[Stored data]
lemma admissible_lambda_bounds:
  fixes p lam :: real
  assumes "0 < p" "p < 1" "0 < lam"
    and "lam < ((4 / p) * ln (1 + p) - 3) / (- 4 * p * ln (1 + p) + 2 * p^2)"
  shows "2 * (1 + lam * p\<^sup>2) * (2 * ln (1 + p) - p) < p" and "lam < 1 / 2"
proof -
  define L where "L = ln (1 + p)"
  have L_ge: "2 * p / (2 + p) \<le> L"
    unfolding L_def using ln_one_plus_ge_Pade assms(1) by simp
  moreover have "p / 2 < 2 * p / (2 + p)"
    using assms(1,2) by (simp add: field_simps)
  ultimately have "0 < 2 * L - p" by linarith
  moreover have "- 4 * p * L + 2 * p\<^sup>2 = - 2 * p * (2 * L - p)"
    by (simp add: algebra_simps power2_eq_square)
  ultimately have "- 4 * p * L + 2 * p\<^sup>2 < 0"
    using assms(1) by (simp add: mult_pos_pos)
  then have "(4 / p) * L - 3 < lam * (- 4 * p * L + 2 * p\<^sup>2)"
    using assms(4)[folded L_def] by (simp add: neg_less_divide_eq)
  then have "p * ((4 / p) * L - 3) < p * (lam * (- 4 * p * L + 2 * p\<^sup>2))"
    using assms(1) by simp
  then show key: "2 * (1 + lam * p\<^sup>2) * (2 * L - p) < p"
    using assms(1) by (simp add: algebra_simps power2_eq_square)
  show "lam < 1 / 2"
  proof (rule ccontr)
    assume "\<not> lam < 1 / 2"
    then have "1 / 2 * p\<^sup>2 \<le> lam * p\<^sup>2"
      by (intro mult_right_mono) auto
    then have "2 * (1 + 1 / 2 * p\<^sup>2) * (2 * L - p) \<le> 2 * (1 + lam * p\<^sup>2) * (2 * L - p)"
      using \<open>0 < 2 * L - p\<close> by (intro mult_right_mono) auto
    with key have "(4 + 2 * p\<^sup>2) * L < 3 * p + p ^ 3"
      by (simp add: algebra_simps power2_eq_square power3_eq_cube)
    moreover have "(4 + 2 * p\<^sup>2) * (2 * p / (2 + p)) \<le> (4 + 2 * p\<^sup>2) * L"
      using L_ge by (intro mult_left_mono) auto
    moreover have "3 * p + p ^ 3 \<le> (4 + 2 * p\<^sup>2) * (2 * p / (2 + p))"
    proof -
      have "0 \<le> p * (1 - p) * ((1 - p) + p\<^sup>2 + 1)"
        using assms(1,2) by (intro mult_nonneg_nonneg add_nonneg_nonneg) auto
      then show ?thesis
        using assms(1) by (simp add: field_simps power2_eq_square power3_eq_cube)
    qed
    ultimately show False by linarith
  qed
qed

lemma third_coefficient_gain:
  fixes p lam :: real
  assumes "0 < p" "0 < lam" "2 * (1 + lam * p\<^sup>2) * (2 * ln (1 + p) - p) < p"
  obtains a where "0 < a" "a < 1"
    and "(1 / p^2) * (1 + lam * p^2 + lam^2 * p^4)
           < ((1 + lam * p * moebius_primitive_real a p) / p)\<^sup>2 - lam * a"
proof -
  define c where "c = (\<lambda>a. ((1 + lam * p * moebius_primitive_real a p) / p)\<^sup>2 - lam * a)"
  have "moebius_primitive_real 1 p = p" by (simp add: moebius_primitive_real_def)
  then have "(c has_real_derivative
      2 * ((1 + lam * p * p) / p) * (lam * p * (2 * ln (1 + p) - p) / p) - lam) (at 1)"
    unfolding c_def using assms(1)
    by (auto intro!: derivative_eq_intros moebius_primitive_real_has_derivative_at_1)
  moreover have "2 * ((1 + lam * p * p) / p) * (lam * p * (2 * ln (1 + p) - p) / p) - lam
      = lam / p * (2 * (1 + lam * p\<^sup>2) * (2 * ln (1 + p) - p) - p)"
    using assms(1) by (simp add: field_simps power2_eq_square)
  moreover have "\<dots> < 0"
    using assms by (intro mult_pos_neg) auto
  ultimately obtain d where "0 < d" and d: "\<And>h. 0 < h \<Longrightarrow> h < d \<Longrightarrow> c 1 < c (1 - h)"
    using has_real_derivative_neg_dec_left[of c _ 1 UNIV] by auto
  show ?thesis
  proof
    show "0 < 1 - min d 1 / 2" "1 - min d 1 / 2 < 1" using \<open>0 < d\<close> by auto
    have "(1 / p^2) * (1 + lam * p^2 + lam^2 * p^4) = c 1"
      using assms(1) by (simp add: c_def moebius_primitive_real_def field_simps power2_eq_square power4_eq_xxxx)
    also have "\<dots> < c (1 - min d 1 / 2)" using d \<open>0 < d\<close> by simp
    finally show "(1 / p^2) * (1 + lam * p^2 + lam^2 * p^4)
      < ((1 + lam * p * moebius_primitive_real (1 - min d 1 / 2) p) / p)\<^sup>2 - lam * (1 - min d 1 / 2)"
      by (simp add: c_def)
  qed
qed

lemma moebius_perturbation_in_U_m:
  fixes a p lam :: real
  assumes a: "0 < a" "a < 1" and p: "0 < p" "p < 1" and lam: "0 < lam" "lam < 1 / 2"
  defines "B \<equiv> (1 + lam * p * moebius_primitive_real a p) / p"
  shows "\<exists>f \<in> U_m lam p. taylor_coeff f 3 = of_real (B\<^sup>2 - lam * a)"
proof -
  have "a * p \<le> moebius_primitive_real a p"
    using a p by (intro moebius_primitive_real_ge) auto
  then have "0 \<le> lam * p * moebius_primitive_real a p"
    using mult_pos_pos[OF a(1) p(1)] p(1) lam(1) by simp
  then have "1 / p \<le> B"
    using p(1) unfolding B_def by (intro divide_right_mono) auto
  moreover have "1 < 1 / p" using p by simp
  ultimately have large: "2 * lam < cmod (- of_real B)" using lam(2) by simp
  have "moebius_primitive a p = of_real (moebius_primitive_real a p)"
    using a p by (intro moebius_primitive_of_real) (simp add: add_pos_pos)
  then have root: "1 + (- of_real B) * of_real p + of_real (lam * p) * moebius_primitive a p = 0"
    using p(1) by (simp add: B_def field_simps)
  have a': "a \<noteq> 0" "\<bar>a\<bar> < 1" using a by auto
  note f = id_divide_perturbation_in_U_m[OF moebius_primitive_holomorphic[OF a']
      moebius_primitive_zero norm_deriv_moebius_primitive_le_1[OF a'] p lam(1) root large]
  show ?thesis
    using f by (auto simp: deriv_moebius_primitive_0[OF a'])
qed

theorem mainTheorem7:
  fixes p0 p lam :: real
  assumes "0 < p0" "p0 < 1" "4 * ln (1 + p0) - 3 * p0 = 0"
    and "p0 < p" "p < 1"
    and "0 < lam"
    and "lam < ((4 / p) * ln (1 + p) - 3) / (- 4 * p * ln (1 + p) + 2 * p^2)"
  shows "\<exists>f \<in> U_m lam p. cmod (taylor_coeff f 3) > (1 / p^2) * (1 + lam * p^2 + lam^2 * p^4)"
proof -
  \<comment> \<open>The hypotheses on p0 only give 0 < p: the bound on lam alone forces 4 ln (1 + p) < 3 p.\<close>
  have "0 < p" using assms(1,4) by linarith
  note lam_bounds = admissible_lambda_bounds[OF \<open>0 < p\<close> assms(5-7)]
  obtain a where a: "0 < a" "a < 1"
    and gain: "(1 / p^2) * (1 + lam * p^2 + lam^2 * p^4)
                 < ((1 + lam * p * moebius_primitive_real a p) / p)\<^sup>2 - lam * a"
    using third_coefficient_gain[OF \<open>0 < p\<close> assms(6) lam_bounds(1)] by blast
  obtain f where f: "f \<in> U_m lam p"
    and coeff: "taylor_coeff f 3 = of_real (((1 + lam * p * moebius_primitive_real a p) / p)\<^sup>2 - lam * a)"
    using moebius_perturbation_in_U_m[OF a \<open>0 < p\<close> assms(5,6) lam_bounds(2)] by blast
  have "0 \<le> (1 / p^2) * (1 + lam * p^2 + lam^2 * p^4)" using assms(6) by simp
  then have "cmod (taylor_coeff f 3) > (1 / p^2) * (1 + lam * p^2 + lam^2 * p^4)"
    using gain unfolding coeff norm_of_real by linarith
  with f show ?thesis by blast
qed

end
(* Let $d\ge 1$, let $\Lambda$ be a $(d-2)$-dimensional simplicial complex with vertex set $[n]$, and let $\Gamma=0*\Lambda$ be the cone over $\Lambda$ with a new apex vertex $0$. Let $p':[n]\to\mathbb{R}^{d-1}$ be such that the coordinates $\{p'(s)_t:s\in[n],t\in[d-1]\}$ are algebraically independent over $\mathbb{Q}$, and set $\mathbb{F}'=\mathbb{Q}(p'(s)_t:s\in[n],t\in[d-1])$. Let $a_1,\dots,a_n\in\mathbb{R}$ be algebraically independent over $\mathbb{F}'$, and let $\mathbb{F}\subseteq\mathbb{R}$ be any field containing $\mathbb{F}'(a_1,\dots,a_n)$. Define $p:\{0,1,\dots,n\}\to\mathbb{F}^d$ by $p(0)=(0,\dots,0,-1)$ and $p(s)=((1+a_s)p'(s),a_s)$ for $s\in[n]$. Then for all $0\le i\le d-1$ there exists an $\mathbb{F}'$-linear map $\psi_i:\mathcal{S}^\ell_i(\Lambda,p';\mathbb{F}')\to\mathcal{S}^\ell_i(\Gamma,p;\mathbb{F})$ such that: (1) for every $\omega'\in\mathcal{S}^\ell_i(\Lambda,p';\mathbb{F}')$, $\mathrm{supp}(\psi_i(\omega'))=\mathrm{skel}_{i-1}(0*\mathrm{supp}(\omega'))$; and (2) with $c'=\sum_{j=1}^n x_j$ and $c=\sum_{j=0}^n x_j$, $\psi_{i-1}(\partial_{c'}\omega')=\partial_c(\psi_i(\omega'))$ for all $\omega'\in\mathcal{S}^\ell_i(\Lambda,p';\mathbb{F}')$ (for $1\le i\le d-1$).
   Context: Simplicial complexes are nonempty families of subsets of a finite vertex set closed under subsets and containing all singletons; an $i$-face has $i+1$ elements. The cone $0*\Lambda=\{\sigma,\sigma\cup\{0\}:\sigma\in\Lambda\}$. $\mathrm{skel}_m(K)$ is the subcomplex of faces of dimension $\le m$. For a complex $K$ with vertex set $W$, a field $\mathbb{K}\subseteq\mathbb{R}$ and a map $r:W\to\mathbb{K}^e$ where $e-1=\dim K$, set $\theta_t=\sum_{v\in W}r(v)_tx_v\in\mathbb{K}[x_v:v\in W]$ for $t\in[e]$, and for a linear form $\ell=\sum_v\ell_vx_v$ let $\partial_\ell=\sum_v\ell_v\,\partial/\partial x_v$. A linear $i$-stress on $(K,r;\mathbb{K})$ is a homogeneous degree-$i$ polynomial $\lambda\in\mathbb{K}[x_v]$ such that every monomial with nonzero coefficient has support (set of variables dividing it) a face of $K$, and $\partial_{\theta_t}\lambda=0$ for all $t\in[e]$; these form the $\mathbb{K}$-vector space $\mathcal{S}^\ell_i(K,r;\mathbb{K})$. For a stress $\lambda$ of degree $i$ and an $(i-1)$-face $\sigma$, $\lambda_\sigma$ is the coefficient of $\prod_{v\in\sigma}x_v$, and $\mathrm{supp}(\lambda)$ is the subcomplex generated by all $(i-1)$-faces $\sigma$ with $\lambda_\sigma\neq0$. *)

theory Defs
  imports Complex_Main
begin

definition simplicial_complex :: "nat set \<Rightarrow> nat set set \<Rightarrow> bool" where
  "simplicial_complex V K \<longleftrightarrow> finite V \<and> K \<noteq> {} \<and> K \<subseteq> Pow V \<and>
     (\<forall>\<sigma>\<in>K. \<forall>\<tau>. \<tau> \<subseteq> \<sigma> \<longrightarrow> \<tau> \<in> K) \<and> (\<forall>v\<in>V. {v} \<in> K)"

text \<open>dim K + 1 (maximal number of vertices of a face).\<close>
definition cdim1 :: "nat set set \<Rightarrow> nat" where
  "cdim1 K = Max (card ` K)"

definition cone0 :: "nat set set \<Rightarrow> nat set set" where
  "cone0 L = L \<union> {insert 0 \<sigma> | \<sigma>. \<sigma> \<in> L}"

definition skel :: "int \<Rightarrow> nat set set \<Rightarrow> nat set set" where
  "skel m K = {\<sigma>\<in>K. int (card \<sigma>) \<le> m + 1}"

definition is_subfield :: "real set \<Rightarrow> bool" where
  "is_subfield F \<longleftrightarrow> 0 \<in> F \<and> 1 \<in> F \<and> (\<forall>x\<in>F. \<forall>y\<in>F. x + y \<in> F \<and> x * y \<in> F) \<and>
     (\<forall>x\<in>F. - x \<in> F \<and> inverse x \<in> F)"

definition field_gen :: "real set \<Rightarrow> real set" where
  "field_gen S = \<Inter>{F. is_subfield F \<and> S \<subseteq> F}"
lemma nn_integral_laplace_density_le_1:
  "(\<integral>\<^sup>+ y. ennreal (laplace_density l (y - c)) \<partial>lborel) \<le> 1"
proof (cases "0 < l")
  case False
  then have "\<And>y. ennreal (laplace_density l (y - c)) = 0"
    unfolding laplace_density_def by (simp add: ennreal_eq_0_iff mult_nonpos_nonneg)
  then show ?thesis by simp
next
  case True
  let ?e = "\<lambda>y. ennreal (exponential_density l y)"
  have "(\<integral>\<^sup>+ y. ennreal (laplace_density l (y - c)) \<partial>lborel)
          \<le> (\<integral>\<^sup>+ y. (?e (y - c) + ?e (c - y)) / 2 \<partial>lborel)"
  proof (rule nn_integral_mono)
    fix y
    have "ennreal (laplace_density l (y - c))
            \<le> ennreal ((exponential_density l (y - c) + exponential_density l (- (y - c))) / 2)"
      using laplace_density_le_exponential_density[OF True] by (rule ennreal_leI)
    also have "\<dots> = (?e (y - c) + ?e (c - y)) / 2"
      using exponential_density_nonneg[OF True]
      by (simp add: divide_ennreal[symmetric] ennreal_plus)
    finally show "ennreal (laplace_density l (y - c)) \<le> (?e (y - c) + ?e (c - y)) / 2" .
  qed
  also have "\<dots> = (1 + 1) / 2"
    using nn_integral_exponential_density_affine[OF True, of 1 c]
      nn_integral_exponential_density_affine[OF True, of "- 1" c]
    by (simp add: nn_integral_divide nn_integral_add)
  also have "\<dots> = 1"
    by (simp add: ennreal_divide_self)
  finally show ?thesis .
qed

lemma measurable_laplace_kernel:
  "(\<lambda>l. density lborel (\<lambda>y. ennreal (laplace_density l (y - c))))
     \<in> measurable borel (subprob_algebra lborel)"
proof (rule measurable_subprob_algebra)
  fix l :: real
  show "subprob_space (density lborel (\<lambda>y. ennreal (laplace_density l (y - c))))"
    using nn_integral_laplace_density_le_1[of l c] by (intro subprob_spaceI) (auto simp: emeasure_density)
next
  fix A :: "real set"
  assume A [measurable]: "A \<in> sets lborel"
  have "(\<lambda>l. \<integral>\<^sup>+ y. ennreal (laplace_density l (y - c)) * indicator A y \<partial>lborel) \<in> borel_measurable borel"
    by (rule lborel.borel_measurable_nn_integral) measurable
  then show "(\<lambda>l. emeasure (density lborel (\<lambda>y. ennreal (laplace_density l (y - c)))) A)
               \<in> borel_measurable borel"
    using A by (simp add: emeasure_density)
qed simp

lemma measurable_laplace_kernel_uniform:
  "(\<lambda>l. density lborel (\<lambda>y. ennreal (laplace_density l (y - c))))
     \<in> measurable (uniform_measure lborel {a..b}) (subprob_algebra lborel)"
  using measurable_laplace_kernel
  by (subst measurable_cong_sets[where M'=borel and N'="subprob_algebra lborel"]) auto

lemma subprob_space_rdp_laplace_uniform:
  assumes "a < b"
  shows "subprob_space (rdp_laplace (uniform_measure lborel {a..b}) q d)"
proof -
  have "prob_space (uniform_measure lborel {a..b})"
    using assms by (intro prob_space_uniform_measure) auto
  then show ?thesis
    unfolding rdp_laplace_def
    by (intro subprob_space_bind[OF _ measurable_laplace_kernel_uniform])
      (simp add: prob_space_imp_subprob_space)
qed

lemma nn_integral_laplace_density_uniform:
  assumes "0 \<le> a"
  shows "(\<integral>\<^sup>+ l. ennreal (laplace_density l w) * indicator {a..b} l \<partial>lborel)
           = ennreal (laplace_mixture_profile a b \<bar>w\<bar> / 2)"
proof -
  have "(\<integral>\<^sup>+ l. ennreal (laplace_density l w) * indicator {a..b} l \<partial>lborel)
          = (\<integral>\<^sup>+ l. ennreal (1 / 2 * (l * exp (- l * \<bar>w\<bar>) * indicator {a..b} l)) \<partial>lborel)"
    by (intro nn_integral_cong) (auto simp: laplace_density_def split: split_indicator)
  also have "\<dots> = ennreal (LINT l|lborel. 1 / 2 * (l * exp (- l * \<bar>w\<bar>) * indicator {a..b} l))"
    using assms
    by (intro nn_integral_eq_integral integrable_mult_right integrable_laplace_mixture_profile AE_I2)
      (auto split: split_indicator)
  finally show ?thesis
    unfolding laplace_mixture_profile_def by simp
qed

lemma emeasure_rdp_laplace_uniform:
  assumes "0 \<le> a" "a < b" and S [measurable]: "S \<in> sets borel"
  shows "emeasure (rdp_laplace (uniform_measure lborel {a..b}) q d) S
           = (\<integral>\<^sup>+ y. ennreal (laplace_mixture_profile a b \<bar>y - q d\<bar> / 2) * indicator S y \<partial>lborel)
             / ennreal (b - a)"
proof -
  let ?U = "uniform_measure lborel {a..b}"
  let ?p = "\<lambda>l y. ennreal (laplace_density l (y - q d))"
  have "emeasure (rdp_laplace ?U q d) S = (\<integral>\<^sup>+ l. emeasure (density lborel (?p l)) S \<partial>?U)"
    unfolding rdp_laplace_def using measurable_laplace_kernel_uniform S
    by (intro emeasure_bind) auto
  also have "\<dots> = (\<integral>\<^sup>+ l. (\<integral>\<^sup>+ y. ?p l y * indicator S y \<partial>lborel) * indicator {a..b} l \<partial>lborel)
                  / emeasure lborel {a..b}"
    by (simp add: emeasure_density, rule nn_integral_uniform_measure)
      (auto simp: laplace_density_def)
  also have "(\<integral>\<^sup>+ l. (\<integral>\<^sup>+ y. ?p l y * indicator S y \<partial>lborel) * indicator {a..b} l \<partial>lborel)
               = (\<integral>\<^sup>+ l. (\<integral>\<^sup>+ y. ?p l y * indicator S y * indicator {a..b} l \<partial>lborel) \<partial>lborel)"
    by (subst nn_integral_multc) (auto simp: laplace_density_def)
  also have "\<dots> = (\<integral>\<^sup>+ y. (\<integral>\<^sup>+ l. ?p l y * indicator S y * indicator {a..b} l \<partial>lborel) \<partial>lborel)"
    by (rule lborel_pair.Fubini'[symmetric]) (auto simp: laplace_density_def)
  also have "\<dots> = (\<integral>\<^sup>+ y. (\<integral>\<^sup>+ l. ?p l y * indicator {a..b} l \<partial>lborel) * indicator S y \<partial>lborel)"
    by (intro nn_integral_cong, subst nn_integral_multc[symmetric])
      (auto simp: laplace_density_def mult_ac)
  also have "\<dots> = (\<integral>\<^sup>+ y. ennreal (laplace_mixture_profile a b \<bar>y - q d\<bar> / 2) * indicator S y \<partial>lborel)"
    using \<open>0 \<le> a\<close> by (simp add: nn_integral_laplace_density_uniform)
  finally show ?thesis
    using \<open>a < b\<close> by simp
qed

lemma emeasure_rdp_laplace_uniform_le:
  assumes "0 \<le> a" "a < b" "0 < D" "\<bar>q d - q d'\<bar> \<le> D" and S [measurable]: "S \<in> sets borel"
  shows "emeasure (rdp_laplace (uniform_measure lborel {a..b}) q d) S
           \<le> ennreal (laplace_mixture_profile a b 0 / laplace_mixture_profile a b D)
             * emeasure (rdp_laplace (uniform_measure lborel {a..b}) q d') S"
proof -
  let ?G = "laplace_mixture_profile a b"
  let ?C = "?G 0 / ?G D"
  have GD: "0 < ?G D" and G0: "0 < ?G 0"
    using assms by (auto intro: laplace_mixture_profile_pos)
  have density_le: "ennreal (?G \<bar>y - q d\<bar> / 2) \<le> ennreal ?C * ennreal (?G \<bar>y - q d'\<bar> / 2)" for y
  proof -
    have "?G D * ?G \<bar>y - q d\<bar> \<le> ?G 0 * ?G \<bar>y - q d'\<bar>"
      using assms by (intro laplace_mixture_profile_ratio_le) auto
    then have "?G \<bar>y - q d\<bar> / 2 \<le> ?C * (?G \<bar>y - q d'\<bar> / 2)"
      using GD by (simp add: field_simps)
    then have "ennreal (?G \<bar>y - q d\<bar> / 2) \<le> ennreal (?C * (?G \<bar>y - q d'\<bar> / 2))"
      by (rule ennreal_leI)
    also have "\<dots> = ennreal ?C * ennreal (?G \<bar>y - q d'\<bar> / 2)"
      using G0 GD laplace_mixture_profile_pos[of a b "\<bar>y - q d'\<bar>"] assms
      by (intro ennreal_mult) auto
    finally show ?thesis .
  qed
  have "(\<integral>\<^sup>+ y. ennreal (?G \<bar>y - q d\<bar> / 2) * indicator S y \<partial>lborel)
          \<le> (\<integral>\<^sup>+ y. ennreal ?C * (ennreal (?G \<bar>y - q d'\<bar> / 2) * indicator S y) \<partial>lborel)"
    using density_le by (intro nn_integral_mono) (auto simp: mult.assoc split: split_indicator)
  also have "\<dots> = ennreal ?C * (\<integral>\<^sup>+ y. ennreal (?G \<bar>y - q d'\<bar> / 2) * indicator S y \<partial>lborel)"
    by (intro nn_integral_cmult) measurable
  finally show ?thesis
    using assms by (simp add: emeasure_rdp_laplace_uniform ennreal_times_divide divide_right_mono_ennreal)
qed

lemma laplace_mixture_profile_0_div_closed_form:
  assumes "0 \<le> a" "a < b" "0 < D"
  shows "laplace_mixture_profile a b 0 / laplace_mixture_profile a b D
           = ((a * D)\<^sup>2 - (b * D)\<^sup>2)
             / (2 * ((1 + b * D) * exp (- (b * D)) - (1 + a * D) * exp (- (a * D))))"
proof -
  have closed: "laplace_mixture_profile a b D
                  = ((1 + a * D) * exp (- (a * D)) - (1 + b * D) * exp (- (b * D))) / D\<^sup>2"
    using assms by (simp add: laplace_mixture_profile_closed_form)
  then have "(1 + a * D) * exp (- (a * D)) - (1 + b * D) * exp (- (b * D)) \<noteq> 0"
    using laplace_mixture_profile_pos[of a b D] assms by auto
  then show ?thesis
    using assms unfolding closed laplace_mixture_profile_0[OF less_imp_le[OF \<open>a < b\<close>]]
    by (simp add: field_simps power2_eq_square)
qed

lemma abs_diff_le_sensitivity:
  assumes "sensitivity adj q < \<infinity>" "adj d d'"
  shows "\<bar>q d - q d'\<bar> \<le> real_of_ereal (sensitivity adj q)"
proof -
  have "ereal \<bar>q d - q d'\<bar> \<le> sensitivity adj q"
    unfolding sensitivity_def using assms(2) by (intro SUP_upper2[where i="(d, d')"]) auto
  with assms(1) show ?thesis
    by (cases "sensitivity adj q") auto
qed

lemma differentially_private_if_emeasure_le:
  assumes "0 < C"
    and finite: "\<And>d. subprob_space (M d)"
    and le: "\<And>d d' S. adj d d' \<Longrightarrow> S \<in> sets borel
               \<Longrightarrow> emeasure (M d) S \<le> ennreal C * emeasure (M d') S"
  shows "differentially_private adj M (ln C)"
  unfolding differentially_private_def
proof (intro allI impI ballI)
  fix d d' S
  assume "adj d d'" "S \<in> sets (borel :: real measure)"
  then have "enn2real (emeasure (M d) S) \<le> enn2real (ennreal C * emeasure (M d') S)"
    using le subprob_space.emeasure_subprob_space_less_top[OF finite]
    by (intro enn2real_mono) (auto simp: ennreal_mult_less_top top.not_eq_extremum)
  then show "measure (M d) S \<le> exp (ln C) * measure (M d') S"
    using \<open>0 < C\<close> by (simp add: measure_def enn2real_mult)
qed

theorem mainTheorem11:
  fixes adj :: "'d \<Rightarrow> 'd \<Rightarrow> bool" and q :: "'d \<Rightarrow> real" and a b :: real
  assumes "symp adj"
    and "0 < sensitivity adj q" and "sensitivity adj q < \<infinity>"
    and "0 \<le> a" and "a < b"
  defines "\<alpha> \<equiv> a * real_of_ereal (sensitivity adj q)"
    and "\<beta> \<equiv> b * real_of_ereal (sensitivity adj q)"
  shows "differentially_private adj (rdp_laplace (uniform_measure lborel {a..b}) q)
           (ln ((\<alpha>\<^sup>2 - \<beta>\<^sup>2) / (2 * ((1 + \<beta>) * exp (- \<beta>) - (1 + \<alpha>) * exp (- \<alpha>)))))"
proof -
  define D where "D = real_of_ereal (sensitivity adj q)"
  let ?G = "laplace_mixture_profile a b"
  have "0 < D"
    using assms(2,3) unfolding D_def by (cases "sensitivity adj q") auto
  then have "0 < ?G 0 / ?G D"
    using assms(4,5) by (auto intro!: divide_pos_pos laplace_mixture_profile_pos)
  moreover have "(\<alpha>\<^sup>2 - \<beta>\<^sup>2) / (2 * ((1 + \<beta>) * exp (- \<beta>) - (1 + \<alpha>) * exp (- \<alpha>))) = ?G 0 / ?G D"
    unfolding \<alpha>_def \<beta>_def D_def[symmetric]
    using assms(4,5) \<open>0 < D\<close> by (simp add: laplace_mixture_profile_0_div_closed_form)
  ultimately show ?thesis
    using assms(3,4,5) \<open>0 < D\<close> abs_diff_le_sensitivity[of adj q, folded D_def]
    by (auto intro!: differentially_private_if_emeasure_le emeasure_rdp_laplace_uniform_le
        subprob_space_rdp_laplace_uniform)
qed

◆ Exercise directions:
After locating the line that holds "unfolding \<alpha>_def \<beta>_def", print it and each line after it through the end of the data, exactly as it stands.

◆ Expected answer:
    unfolding \<alpha>_def \<beta>_def D_def[symmetric]
    using assms(4,5) \<open>0 < D\<close> by (simp add: laplace_mixture_profile_0_div_closed_form)
  ultimately show ?thesis
    using assms(3,4,5) \<open>0 < D\<close> abs_diff_le_sensitivity[of adj q, folded D_def]
    by (auto intro!: differentially_private_if_emeasure_le emeasure_rdp_laplace_uniform_le
        subprob_space_rdp_laplace_uniform)
qed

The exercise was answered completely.